## THE INPUT
::::::
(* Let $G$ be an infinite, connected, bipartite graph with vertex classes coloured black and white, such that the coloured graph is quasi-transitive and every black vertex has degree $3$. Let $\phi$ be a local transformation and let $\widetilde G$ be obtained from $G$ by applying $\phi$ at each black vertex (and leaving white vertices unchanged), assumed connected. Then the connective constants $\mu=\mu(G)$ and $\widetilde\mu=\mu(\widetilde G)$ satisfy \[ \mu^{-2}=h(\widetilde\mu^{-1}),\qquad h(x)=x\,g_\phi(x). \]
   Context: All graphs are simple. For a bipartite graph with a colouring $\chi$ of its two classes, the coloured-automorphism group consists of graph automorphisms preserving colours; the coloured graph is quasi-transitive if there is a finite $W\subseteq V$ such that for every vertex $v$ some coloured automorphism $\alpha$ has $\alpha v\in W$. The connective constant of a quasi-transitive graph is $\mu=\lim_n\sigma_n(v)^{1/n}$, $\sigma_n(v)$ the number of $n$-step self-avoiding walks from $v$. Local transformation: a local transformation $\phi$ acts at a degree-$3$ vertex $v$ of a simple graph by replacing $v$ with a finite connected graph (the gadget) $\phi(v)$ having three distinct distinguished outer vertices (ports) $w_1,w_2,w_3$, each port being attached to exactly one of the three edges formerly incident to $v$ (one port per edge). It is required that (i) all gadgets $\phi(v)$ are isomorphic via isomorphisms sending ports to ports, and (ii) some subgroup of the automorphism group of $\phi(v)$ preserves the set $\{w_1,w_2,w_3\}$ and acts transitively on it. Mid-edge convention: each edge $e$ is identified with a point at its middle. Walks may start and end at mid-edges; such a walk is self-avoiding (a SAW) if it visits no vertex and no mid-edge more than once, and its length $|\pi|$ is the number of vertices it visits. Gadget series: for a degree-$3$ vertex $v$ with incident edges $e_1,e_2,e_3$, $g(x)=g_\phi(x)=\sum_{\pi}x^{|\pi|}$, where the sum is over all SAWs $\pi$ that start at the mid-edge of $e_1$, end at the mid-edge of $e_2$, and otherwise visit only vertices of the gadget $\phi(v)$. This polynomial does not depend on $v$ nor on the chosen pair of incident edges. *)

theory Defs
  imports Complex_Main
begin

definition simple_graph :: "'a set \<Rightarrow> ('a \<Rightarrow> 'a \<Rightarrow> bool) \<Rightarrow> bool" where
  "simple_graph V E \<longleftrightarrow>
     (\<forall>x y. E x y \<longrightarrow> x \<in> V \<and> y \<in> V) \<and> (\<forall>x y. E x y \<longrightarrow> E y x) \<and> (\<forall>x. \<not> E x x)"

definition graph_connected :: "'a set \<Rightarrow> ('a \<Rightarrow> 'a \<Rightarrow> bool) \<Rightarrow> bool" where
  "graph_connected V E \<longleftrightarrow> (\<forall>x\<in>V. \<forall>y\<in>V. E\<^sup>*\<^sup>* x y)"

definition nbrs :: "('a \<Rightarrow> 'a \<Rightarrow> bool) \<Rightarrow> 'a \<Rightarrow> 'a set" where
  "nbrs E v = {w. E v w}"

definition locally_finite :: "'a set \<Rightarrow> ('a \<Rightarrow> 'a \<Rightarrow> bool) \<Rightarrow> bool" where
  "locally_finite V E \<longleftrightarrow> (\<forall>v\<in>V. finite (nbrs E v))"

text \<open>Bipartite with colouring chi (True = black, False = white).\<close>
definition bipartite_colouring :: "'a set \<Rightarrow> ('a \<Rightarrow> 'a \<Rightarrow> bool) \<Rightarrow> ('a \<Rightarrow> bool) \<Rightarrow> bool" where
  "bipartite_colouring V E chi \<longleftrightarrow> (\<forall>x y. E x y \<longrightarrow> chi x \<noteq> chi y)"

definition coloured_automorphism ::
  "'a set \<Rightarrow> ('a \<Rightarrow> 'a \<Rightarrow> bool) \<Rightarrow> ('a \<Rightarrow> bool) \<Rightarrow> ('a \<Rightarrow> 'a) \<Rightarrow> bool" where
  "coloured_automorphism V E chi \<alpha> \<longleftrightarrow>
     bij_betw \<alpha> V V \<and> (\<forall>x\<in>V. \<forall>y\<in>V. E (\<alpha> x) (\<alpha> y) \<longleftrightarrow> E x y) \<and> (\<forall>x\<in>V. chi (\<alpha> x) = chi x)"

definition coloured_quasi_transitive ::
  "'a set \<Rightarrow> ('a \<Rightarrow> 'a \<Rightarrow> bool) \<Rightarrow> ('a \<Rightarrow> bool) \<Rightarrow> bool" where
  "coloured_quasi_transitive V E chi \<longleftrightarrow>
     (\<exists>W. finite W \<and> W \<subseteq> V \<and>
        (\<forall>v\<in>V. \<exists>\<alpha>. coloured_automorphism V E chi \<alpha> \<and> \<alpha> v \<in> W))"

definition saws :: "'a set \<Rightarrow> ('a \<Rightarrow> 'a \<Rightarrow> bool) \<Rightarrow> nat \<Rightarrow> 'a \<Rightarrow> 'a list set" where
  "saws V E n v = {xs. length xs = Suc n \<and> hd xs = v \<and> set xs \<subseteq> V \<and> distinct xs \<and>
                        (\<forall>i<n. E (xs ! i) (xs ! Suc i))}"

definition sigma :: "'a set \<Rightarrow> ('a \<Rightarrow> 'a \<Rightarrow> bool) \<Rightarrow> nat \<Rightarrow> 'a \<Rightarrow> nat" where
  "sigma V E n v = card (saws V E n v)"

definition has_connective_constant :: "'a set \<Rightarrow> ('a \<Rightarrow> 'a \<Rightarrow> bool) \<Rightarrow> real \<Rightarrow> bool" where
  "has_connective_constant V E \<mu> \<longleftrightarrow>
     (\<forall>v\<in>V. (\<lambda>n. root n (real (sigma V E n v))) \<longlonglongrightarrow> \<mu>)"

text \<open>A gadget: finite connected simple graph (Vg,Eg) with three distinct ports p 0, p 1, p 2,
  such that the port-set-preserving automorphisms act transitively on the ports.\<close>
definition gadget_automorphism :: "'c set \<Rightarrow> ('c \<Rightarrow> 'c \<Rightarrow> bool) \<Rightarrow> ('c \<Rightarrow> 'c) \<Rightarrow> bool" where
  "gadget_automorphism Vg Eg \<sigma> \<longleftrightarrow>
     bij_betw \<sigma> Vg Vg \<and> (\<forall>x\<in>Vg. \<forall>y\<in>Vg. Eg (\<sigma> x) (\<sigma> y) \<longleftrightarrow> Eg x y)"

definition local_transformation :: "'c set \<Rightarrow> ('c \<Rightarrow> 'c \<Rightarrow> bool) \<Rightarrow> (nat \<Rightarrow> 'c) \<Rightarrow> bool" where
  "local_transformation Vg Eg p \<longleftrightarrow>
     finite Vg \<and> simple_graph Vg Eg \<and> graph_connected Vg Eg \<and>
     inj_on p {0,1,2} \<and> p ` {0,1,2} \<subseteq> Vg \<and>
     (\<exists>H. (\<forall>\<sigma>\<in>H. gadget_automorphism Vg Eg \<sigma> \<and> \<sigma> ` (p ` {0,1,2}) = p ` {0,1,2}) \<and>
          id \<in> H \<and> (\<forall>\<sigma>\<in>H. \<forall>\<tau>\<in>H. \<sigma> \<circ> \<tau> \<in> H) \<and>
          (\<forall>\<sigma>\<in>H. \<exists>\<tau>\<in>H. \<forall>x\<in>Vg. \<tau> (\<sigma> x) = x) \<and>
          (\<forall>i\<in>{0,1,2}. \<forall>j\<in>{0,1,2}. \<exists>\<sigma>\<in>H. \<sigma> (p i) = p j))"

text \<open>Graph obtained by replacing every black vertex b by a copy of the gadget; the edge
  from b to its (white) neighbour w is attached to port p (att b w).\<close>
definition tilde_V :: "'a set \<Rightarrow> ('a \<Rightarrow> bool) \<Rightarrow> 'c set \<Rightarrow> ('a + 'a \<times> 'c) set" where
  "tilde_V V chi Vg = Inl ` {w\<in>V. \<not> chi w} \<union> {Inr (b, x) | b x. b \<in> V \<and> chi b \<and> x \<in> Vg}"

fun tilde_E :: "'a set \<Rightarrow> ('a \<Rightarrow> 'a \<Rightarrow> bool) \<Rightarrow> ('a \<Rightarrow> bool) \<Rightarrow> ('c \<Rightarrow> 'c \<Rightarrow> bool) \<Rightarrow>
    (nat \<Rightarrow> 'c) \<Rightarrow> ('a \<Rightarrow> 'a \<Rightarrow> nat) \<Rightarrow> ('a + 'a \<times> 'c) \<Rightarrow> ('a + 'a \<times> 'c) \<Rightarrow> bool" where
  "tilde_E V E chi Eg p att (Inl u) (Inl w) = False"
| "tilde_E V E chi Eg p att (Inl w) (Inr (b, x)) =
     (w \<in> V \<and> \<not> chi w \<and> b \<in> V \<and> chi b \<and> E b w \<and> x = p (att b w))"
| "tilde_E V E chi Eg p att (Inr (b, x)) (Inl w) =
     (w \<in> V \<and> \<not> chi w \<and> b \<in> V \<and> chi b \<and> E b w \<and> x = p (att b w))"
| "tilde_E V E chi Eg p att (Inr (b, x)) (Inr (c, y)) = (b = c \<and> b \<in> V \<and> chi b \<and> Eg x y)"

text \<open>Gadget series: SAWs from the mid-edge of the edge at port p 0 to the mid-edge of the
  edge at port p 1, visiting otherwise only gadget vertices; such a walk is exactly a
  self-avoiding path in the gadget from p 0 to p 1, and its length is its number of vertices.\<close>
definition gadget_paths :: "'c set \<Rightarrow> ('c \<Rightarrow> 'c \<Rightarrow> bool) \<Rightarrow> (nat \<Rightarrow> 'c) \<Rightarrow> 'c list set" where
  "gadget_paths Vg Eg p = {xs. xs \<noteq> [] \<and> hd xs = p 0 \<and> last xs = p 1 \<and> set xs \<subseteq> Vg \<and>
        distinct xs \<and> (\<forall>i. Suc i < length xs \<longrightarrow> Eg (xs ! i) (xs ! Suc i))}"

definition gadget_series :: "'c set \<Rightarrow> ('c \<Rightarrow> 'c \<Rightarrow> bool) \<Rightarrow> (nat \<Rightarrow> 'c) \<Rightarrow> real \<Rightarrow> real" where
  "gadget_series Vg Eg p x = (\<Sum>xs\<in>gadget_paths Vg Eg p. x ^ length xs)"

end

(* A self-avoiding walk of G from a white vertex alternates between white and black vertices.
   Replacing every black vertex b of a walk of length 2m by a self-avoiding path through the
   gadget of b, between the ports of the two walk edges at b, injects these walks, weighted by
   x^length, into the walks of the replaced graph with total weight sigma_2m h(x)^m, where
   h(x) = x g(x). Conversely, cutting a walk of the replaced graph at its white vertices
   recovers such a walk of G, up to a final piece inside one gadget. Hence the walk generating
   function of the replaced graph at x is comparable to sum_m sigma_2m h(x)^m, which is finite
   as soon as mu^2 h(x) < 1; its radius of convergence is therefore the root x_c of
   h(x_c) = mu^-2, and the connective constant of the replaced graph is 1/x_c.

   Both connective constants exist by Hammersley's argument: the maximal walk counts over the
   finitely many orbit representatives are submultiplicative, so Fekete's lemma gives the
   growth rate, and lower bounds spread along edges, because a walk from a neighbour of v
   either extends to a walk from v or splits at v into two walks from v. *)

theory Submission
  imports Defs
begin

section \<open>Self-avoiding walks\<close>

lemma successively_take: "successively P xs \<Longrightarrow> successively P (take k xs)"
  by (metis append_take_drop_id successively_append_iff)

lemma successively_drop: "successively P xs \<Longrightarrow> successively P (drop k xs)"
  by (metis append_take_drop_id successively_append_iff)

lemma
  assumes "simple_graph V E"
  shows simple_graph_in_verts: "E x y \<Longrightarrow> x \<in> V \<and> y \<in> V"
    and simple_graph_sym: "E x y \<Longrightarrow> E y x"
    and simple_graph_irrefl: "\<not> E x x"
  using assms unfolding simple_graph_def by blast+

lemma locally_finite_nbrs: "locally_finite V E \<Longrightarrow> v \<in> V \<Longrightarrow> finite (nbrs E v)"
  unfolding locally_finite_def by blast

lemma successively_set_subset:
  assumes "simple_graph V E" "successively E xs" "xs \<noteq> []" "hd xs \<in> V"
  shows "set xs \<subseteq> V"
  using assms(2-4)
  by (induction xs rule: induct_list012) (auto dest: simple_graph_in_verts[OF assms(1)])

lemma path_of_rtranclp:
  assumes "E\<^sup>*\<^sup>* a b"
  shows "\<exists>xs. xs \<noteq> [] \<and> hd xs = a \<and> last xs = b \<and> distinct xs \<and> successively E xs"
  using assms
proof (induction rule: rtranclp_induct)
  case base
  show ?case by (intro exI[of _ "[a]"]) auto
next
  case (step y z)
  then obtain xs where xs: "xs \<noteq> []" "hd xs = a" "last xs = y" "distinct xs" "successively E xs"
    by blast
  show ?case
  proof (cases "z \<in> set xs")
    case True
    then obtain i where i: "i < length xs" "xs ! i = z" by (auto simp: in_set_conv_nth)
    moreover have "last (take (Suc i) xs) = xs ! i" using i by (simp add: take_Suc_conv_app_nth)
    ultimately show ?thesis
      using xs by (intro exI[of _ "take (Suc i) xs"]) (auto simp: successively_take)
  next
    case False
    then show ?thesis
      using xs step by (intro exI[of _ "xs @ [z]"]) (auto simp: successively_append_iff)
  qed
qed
::::::
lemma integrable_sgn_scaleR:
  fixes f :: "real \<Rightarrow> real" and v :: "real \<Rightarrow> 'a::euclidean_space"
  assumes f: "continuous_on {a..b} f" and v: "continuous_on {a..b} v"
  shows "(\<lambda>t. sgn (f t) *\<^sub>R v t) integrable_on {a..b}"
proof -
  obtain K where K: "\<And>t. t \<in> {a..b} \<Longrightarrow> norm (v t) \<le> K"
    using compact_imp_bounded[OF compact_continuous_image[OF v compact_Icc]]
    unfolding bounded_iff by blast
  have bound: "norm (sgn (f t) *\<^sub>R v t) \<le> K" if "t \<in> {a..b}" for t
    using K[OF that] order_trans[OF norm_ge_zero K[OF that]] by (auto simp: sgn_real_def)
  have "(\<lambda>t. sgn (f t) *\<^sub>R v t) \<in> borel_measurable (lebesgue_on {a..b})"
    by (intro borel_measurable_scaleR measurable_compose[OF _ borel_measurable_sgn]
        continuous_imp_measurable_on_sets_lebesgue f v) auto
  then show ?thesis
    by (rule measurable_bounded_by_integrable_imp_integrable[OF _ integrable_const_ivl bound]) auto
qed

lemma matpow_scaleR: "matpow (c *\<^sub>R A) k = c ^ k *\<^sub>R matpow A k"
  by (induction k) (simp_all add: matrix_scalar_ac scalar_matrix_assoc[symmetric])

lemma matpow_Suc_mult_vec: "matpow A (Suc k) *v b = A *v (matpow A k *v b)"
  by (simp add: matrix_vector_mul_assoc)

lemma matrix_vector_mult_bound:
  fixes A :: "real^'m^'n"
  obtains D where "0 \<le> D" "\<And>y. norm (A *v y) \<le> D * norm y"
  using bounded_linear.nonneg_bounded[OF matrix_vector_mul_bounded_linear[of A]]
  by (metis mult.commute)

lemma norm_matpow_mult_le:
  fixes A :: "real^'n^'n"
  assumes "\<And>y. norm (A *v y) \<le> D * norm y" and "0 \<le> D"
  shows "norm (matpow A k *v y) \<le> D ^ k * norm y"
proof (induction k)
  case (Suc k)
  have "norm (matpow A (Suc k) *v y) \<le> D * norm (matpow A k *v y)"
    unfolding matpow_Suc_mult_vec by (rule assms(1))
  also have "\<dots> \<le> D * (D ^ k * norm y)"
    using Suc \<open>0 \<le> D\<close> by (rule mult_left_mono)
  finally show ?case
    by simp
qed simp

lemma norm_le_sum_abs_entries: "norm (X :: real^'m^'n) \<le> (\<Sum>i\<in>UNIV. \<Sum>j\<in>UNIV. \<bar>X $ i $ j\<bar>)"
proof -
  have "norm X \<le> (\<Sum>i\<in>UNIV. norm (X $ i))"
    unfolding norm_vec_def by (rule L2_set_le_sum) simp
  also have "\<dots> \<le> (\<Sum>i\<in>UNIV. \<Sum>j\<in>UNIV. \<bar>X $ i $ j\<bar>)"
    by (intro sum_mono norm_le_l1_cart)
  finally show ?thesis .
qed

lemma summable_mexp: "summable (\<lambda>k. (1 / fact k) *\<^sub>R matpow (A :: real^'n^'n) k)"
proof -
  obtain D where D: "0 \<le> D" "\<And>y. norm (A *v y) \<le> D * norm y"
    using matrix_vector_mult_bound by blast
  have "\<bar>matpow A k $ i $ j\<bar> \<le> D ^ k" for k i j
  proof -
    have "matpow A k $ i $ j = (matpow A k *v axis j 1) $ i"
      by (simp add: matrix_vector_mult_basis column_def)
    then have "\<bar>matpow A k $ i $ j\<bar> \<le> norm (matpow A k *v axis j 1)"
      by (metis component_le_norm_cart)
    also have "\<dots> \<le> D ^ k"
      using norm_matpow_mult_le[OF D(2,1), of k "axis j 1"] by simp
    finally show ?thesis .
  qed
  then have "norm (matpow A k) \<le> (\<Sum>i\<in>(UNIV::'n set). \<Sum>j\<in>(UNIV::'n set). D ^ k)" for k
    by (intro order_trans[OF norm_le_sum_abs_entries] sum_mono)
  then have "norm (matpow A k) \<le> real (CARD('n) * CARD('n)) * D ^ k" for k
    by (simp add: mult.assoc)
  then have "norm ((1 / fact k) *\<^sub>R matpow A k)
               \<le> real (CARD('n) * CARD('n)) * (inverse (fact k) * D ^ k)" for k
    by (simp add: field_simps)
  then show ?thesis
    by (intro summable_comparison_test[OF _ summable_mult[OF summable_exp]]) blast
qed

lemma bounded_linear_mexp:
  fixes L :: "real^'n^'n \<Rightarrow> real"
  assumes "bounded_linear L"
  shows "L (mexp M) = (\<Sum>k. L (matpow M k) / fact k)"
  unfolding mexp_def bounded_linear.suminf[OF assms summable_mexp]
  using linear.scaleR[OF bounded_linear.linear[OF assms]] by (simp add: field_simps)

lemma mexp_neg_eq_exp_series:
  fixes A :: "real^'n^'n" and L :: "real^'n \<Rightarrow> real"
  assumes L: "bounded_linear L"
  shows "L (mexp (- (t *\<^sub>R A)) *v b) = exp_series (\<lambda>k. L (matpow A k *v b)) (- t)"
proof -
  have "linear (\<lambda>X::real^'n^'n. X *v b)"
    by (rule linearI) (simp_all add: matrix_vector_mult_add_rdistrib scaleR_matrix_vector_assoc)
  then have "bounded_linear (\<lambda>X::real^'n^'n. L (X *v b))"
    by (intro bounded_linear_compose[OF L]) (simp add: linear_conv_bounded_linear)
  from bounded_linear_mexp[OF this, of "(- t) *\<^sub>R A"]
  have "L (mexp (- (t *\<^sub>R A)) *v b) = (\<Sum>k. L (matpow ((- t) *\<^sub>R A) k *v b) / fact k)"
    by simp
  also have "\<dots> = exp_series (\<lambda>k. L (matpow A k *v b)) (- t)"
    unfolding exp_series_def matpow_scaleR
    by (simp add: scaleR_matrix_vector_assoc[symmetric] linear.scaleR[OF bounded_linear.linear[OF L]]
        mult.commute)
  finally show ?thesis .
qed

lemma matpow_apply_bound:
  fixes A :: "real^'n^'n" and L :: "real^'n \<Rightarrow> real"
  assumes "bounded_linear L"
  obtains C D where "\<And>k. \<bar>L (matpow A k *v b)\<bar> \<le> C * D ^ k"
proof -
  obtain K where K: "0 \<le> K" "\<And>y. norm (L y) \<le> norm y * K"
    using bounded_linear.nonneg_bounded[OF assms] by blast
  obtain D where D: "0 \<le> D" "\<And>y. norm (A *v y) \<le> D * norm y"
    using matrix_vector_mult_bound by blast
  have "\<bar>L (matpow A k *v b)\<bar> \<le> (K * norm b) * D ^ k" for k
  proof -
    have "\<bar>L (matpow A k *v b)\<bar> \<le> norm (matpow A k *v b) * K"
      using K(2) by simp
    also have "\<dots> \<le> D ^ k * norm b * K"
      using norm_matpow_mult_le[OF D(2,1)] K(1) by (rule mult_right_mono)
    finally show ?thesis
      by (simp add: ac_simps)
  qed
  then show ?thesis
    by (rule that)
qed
::::::
## ACTION ITEM
In the listing above, start at the line with "(\<exists>W. finite W", go on through the line with "V \<and> distinct xs \<and>", and copy each of those lines exactly; leave out all the rest.

## TASK OUTPUT
     (\<exists>W. finite W \<and> W \<subseteq> V \<and>
        (\<forall>v\<in>V. \<exists>\<alpha>. coloured_automorphism V E chi \<alpha> \<and> \<alpha> v \<in> W))"

definition saws :: "'a set \<Rightarrow> ('a \<Rightarrow> 'a \<Rightarrow> bool) \<Rightarrow> nat \<Rightarrow> 'a \<Rightarrow> 'a list set" where
  "saws V E n v = {xs. length xs = Suc n \<and> hd xs = v \<and> set xs \<subseteq> V \<and> distinct xs \<and>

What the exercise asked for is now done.